The Central East Regional Cancer Program.

Colorectal Cancer Screening for Early Detection

The colon and rectum are part of your digestive system. Cancer can happen in any part of your colon or rectum. This may be called “colorectal cancer” or “bowel cancer”.

When colorectal cancer is caught early, 9 out of 10 people can be cured. Getting screened for colorectal cancer helps to find cancer early when it is more likely to be cured.

Colorectal Cancer Screening for People with an Average Risk (No family history of colorectal cancer)

If you are between 50 to 74 years of age, use a FIT kit to test for colorectal cancer every 2 years. The FIT kit is an easy at-home stool (poop) test used to check for signs of colorectal cancer. The test only takes a few minutes. You can eat, drink, and take your medications as usual before and after the test. 

Ask your family doctor or nurse practitioner to have a FIT kit mailed to your home. 

Call 811 to request a FIT kit if you do not have a family doctor or nurse practitioner.

Watch this video to learn how easy it is to get screened for colorectal cancer with the FIT kit.

You will receive a letter from Cancer Care Ontario with your FIT kit result. A "positive" result does not mean you have cancer. Ask your family doctor or nurse practitioner about further testing with a colonoscopy. 

Colonoscopy Exam

Colorectal Cancer Screening for People with an Increased Risk (family history of colorectal cancer)

You have an increased risk of colorectal cancer if an immediate family member (mother, father, brother, sister, or child) had or has colorectal cancer. Talk to your family doctor or nurse practitioner about your family's history of any cancer. 

Your family doctor or nurse practitioner should refer you for a screening test called a colonoscopy. You need to have your first colonoscopy at age 50 or 10 years earlier than the age your family member was diagnosed with colorectal cancer, whichever comes first. You should have a colonoscopy every 5 to 10 years. This depends on your family history and the results of your previous colonoscopies.

What You Can Do To Reduce Your Risk of Colorectal Cancer

Limit the amount of alcohol you drink: If you regularly have 2 or more alcoholic drinks a day you increase your risk of getting colorectal cancer by 20%.

Do not smoke: Smoking can cause many types of cancer and other diseases.
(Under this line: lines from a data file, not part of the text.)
lemma covers_at_iff_index_embedding:
  assumes "i < length S"
  shows "covers_at C S i \<longleftrightarrow> (\<exists>j. index_embedding j C S \<and> (\<exists>t < length C. j t = i))"
proof -
  have S: "S = take i S @ S ! i # drop (Suc i) S" and len: "length (take i S) = i"
    using assms by (simp_all add: id_take_nth_drop)
  show ?thesis
  proof
    assume "covers_at C S i"
    then obtain C1 C2 where C: "C = C1 @ S ! i # C2"
      and "subseq C1 (take i S)" "subseq C2 (drop (Suc i) S)"
      unfolding covers_at_iff_append_Cons by blast
    then obtain j1 j2
      where "index_embedding j1 C1 (take i S)" "index_embedding j2 C2 (drop (Suc i) S)"
      unfolding subseq_iff_index_embedding by blast
    then obtain j where "index_embedding j C S" "j (length C1) = i"
      using index_embedding_append_ConsI[of j1 C1 "take i S" j2 C2 "drop (Suc i) S" "S ! i"]
        C S len by metis
    moreover have "length C1 < length C"
      using C by simp
    ultimately show "\<exists>j. index_embedding j C S \<and> (\<exists>t < length C. j t = i)"
      by blast
  next
    assume "\<exists>j. index_embedding j C S \<and> (\<exists>t < length C. j t = i)"
    then obtain j t where emb: "index_embedding j C S" and t: "t < length C" "j t = i"
      by blast
    have C: "C = take t C @ C ! t # drop (Suc t) C" and "length (take t C) = t"
      using t by (simp_all add: id_take_nth_drop)
    then have "C ! t = S ! i" "index_embedding j (take t C) (take i S)"
      "\<exists>j'. index_embedding j' (drop (Suc t) C) (drop (Suc i) S)"
      using index_embedding_append_ConsD[of j "take t C" "C ! t" "drop (Suc t) C"
          "take i S" "S ! i" "drop (Suc i) S"] emb t S len by auto
    then show "covers_at C S i"
      unfolding covers_at_def subseq_iff_index_embedding using t by blast
  qed
qed

lemma s_cover_iff_covers_at: "s_cover C S \<longleftrightarrow> (\<forall>i < length S. covers_at C S i)"
  by (simp add: s_cover_def covers_at_iff_index_embedding index_embedding_def)

lemma set_mono_subseq: "subseq xs ys \<Longrightarrow> set xs \<subseteq> set ys"
  by (auto elim: list_emb_set)

lemma subseq_rev: "subseq xs ys \<Longrightarrow> subseq (rev xs) (rev ys)"
  by (induction rule: list_emb.induct) (auto intro: subseq_rev_drop_many)

lemma covers_at_rev:
  assumes "i < length S" "covers_at C S i"
  shows "covers_at (rev C) (rev S) (length S - Suc i)"
proof -
  obtain C1 C2 where "C = C1 @ S ! i # C2" "subseq C1 (take i S)" "subseq C2 (drop (Suc i) S)"
    using assms(2) unfolding covers_at_iff_append_Cons by blast
  moreover have "rev S ! (length S - Suc i) = S ! i"
    using assms(1) by (simp add: rev_nth)
  moreover have "take (length S - Suc i) (rev S) = rev (drop (Suc i) S)"
    "drop (Suc (length S - Suc i)) (rev S) = rev (take i S)"
    using assms(1) by (simp_all add: take_rev drop_rev Suc_diff_Suc)
  ultimately show ?thesis
    unfolding covers_at_iff_append_Cons by (auto intro!: subseq_rev)
qed

lemma s_cover_rev: "s_cover C S \<Longrightarrow> s_cover (rev C) (rev S)"
  unfolding s_cover_iff_covers_at
proof (intro allI impI)
  fix i assume cov: "\<forall>i<length S. covers_at C S i" and i: "i < length (rev S)"
  then have "covers_at (rev C) (rev S) (length S - Suc (length S - Suc i))"
    by (intro covers_at_rev) auto
  then show "covers_at (rev C) (rev S) i"
    using i by (simp add: Suc_diff_Suc)
qed

lemma subseq_Cons_not_in_tail:
  assumes "subseq xs (a # ys)" "a \<in> set xs" "a \<notin> set ys"
  obtains xs' where "xs = a # xs'" "subseq xs' ys"
  using assms by (cases rule: list_emb.cases) (auto dest: set_mono_subseq)
(* Let $\psi=\Psi(\tau^*,R^* )$ for some generic $M$-layer model $(\tau^*,R^* )$, and let $(\sigma,\alpha)$ be the data of an $M$-layer model $(\tau,R)\in U_\psi\times\mathcal{R}_\psi$. Let $\sigma_\psi=(\sigma_{\psi(k^0)},\sigma_{\psi(k^1)},\ldots,\sigma_{\psi(k^M)})\in\mathbb{R}^{M+1}$. Then $$\tau=\sigma_\psi J_M,\qquad R_0=\alpha_1,\qquad R_n=\frac{\alpha_{\psi(k^n)}}{\prod_{j=0}^{n-1}(1-R_j^2)}\quad(1\le n\le M).$$
   Context: Primary vectors: $k^n\in\mathbb{Z}^{M+1}$ has $k^n_j=1$ for $j\le n$ and $0$ otherwise ($0\le n\le M$). $J_M$ is the $(M+1)\times(M+1)$ matrix with $1$ on the diagonal, $-1$ on the superdiagonal and $0$ elsewhere (the inverse of the upper-triangular all-ones matrix $K_M$ whose columns are $(k^0)^T,\ldots,(k^M)^T$); $\tau,\sigma_\psi$ are row vectors. An $M$-layer model ($M\ge1$) is $(\tau,R)$ with $\tau\in\mathbb{R}^{M+1}_{>0}$, $R\in(-1,1)^{M+1}$. $\mathfrak{L}_M\subset\mathbb{Z}^{M+1}_{\geq0}$: all $k$ with $k_0=1$ and $k_n>0\Rightarrow k_{n-1}>0$; $\mathfrak{L}^\tau_M=\{k\in\mathfrak{L}_M:\langle k,\tau\rangle\le\langle\mathbb{1},\tau\rangle\}$. Amplitude polynomial: $\mathbb{1}=(1,\ldots,1)$; inequalities and $\min$ entrywise; $x^k=\prod_n x_n^{k_n}$, $\binom{k}{b}=\prod_n\binom{k_n}{b_n}$; $\tilde k=(k_1,\ldots,k_M,0)$, $u=\min\{\mathbb{1},\tilde k\}$, $V(k)=\{b:u\le b\le\min\{k,\tilde k\}\}$, $a(x,k)=\sum_{b\in V(k)}\binom{k}{b}\binom{\tilde k-u}{b-u}(-x)^{\tilde k-b}x^{k-b}\prod_n(1-x_n^2)^{b_n}$. Data: normal form $\sum_{n=1}^d\alpha_n\delta(t-\sigma_n)$ ($\alpha_n\ne0$, $\sigma_1<\cdots<\sigma_d$) of $D^{(\tau,R)}(t)=\sum_{k\in\mathfrak{L}^\tau_M}a(R,k)\delta(t-\langle k,\tau\rangle)$. Enumeration function $\Psi(\tau,R):\mathfrak{L}^\tau_M\to\{0,\ldots,d\}$: $k\mapsto0$ if $\langle k,\tau\rangle\notin\{\sigma_n\}$, else $k\mapsto1+\#\{n:\sigma_n<\langle k,\tau\rangle\}$. Generic: $\Psi(\tau,R)$ injective and never $0$. $\mathcal{R}_\psi=\{R'\in(-1,1)^{M+1}:a(R',k)\ne0\ \forall k\in\mathfrak{L}^{\tau^*}_M\}$; $U_\psi=\{\tau'\in\mathbb{R}^{M+1}_{>0}:\Psi(\tau',R')=\psi\ \forall R'\in\mathcal{R}_\psi\}$ (equality including domains). *)

theory Defs
  imports Complex_Main
begin

text \<open>Vectors in Z^{M+1} / R^{M+1} are functions on nat, only indices 0..M are used.
  Lattice vectors k are required to vanish outside {0..M} so that sets of them are canonical.\<close>

definition ip :: "nat \<Rightarrow> (nat \<Rightarrow> nat) \<Rightarrow> (nat \<Rightarrow> real) \<Rightarrow> real" where
  "ip M k \<tau> = (\<Sum>j\<le>M. real (k j) * \<tau> j)"

definition one_ip :: "nat \<Rightarrow> (nat \<Rightarrow> real) \<Rightarrow> real" where
  "one_ip M \<tau> = (\<Sum>j\<le>M. \<tau> j)"

definition kvec :: "nat \<Rightarrow> nat \<Rightarrow> nat" where
  "kvec n = (\<lambda>j. if j \<le> n then 1 else 0)"

definition LM :: "nat \<Rightarrow> (nat \<Rightarrow> nat) set" where
  "LM M = {k. k 0 = 1 \<and> (\<forall>n. 1 \<le> n \<and> n \<le> M \<and> k n > 0 \<longrightarrow> k (n - 1) > 0)
              \<and> (\<forall>n>M. k n = 0)}"

definition Ltau :: "nat \<Rightarrow> (nat \<Rightarrow> real) \<Rightarrow> (nat \<Rightarrow> nat) set" where
  "Ltau M \<tau> = {k \<in> LM M. ip M k \<tau> \<le> one_ip M \<tau>}"

definition ktilde :: "nat \<Rightarrow> (nat \<Rightarrow> nat) \<Rightarrow> nat \<Rightarrow> nat" where
  "ktilde M k n = (if n < M then k (Suc n) else 0)"

definition uvec :: "nat \<Rightarrow> (nat \<Rightarrow> nat) \<Rightarrow> nat \<Rightarrow> nat" where
  "uvec M k n = min 1 (ktilde M k n)"

definition Vset :: "nat \<Rightarrow> (nat \<Rightarrow> nat) \<Rightarrow> (nat \<Rightarrow> nat) set" where
  "Vset M k = {b. (\<forall>n\<le>M. uvec M k n \<le> b n \<and> b n \<le> min (k n) (ktilde M k n))
                 \<and> (\<forall>n>M. b n = 0)}"

definition ampl :: "nat \<Rightarrow> (nat \<Rightarrow> real) \<Rightarrow> (nat \<Rightarrow> nat) \<Rightarrow> real" where
  "ampl M x k = (\<Sum>b\<in>Vset M k. \<Prod>n\<le>M.
      real (k n choose b n) * real ((ktilde M k n - uvec M k n) choose (b n - uvec M k n))
      * (- x n) ^ (ktilde M k n - b n) * x n ^ (k n - b n) * (1 - (x n)\<^sup>2) ^ (b n))"

text \<open>coefficient of delta(t - s) in D^(tau,R), after collecting equal arrival times\<close>
definition coef :: "nat \<Rightarrow> (nat \<Rightarrow> real) \<Rightarrow> (nat \<Rightarrow> real) \<Rightarrow> real \<Rightarrow> real" where
  "coef M \<tau> R s = (\<Sum>k\<in>{k \<in> Ltau M \<tau>. ip M k \<tau> = s}. ampl M R k)"

definition data_times :: "nat \<Rightarrow> (nat \<Rightarrow> real) \<Rightarrow> (nat \<Rightarrow> real) \<Rightarrow> real set" where
  "data_times M \<tau> R = {s. s \<in> (\<lambda>k. ip M k \<tau>) ` Ltau M \<tau> \<and> coef M \<tau> R s \<noteq> 0}"

definition data_d :: "nat \<Rightarrow> (nat \<Rightarrow> real) \<Rightarrow> (nat \<Rightarrow> real) \<Rightarrow> nat" where
  "data_d M \<tau> R = card (data_times M \<tau> R)"

text \<open>sigma_n for 1 <= n <= d (1-indexed, increasing)\<close>
definition data_sigma :: "nat \<Rightarrow> (nat \<Rightarrow> real) \<Rightarrow> (nat \<Rightarrow> real) \<Rightarrow> nat \<Rightarrow> real" where
  "data_sigma M \<tau> R n = sorted_list_of_set (data_times M \<tau> R) ! (n - 1)"

definition data_alpha :: "nat \<Rightarrow> (nat \<Rightarrow> real) \<Rightarrow> (nat \<Rightarrow> real) \<Rightarrow> nat \<Rightarrow> real" where
  "data_alpha M \<tau> R n = coef M \<tau> R (data_sigma M \<tau> R n)"
lemma expectation_le_transfer:
  fixes p p' :: "'s::finite pmf" and h :: "'s \<Rightarrow> real"
  assumes h: "\<And>y. 0 \<le> h y" "\<And>y. h y \<le> 1" and D: "0 \<le> D" "D \<le> 1" and \<epsilon>: "0 \<le> \<epsilon>"
    and lip: "\<And>y y'. (y, y') \<in> R \<Longrightarrow> h y \<le> h y' + D"
    and transfer: "\<And>A. measure_pmf.prob p A \<le> measure_pmf.prob p' (R `` A) + \<epsilon>"
  shows "(\<Sum>y\<in>UNIV. pmf p y * h y) \<le> (\<Sum>y\<in>UNIV. pmf p' y * h y) + D + \<epsilon> * (1 - D)"
proof -
  have split: "pmf p y * h y = pmf p y * min (h y) D + pmf p y * max 0 (h y - D)" for y
    by (simp add: min_def max_def algebra_simps)
  have "(\<Sum>y\<in>UNIV. pmf p y * h y) = (\<Sum>y\<in>UNIV. pmf p y * min (h y) D) + (\<Sum>y\<in>UNIV. pmf p y * max 0 (h y - D))"
    by (simp only: split sum.distrib)
  also have "(\<Sum>y\<in>UNIV. pmf p y * min (h y) D) \<le> (\<Sum>y\<in>UNIV. pmf p y * D)"
    by (intro sum_mono mult_left_mono) auto
  also have "\<dots> = D"
    by (simp add: sum_pmf_eq_1 flip: sum_distrib_right)
  also have "(\<Sum>y\<in>UNIV. pmf p y * max 0 (h y - D)) \<le> (\<Sum>y\<in>UNIV. pmf p' y * min (h y) (1 - D)) + \<epsilon> * (1 - D)"
    by (rule excess_le_transfer[OF h D \<epsilon> lip transfer])
  also have "(\<Sum>y\<in>UNIV. pmf p' y * min (h y) (1 - D)) \<le> (\<Sum>y\<in>UNIV. pmf p' y * h y)"
    by (intro sum_mono mult_left_mono) auto
  finally show ?thesis by simp
qed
There is no safe amount of smoking.

Limit how much processed and red meats you eat: Eating more than 100 grams of red meat (about the size of a deck of cards) or 50 grams of processed meat a day increases your risk of colorectal cancer by 20%.

Eat foods high in fibre: A high-fibre diet may help lower your risk of colorectal cancer. Fibre helps keep the colon healthy by speeding up the removal of stool (poop) from your body. You can get fibre from whole grains, vegetables and some fruit.

Maintain a healthy body weight: A high body weight can increase your risk of some cancers.  Working towards or keeping your best body weight can improve your overall health and reduce your cancer risk.

Be physically active: Low levels of physical activity may increase your risk of some cancer. People of all body weights can benefit from physical activity. Physical activity has many health benefits, even without weight loss. Be physically active for at least 20 to 30 minutes each day, if possible. You can do this by completing 10 minutes of activity at a time. 

Check if you are at high risk: Your family history of cancer increases your risk of developing colorectal cancer. Genetic testing can tell if you have genetic changes (mutations) that increase your risk of certain cancers, like colorectal cancer. Some rare genetic conditions are strongly related to colorectal cancer. Ask your family doctor or nurse practitioner if you would benefit from a genetic assessment.

A close up of the word cure and an image of a check mark.